FRASystem: fault tolerant system using agents in distributed computing systems

  • Authors:
  • Hwamin Lee;Doosoon Park;Heonchang Yu;Giyeol Lee

  • Affiliations:
  • Division of Computer Science and Engineering, Soonchunhyang University, Asan-si, Korea 336-745;Division of Computer Science and Engineering, Soonchunhyang University, Asan-si, Korea 336-745;Dept. of Computer Science Education, Korea University, Seoul, Korea;Research and Development Center, Saman Corporation, Anyang, Korea 431-050

  • Venue:
  • Cluster Computing
  • Year:
  • 2011

Quantified Score

Hi-index 0.00

Visualization

Abstract

In this paper, we present a fault tolerant and recovery system called FRASystem (Fault Tolerant & Recovery Agent System) using multi-agent in distributed computing systems.

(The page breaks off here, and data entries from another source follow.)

lemma reduce_op_preimage_is_clone:
  assumes m: "0 < m" "m \<le> k" and S: "is_clone k S" and pres: "\<forall>h\<in>S. preserves_mod k m h"
    and C: "is_clone m C"
  shows "is_clone k {h \<in> S. reduce_op m h \<in> C}"
  unfolding is_clone_def
proof (intro conjI allI impI)
  show "{h \<in> S. reduce_op m h \<in> C} \<subseteq> all_ops k"
    using clone_subset_all_ops[OF S] by blast
next
  fix n i :: nat assume "0 < n \<and> i < n"
  then show "proj_op k n i \<in> {h \<in> S. reduce_op m h \<in> C}"
    unfolding proj_op_def using clone_proj[OF S] clone_proj[OF C] reduce_op_proj[OF m(2)] by simp
next
  fix r f a gs
  assume A: "(r, f) \<in> {h \<in> S. reduce_op m h \<in> C} \<and> length gs = r \<and> 0 < a \<and>
    (\<forall>g\<in>set gs. (a, g) \<in> {h \<in> S. reduce_op m h \<in> C})"
  let ?f = "snd (reduce_op m (r, f))" and ?gs = "map (\<lambda>g. snd (reduce_op m (a, g))) gs"
  have "mk_op k a (\<lambda>xs. f (map (\<lambda>g. g xs) gs)) \<in> S"
    using clone_comp[OF S] A by blast
  moreover have "mk_op m a (\<lambda>xs. ?f (map (\<lambda>g. g xs) ?gs)) \<in> C"
    using clone_comp[OF C, of r ?f ?gs a] A by auto
  moreover have "reduce_op m (mk_op k a (\<lambda>xs. f (map (\<lambda>g. g xs) gs))) =
      mk_op m a (\<lambda>xs. ?f (map (\<lambda>g. g xs) ?gs))"
    using reduce_op_comp[OF m, of r f gs a ?f ?gs] pres A clone_subset_all_ops[OF S] by auto
  ultimately show "mk_op k a (\<lambda>xs. f (map (\<lambda>g. g xs) gs)) \<in> {h \<in> S. reduce_op m h \<in> C}"
    by simp
qed

lemma reduce_op_add_op: "m dvd k \<Longrightarrow> m \<le> k \<Longrightarrow> reduce_op m (add_op k) = add_op m"
  unfolding add_op_def by (simp add: reduce_op_mk_op mod_mod_cancel)

lemma reduce_op_mult_op: "m dvd k \<Longrightarrow> m \<le> k \<Longrightarrow> reduce_op m (mult_op k) = mult_op m"
  unfolding mult_op_def by (simp add: reduce_op_mk_op mod_mod_cancel)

Previous rollback-recovery protocols were dependent on an inherent communication and an underlying operating system, which caused a decline of computing performance. We propose a rollback-recovery protocol that works independently on an operating system and leads to an increasing portability and extensibility. We define four types of agents: (1) a recovery agent performs a rollback-recovery protocol after a failure, (2) an information agent constructs domain knowledge as a rule of fault tolerance and information during a failure-free operation, (3) a facilitator agent controls the communication between agents, (4) a garbage collection agent performs garbage collection of the useless fault tolerance information. Since agent failures may lead to inconsistent states of a system and a domino effect, we propose an agent recovery algorithm. A garbage collection protocol addresses the performance degradation caused by the increment of saved fault tolerance information in a stable storage. We implemented a prototype of FRASystem using Java and CORBA and experimented the proposed rollback-recovery protocol. The simulations results indicate that the performance of our protocol is better than previous rollback-recovery protocols which use independent checkpointing and pessimistic message logging without using agents. Our contributions are as follows: (1) this is the first rollback-recovery protocol using agents, (2) FRASystem is not dependent on an operating system, and (3) FRASystem provides a portability and extensibility.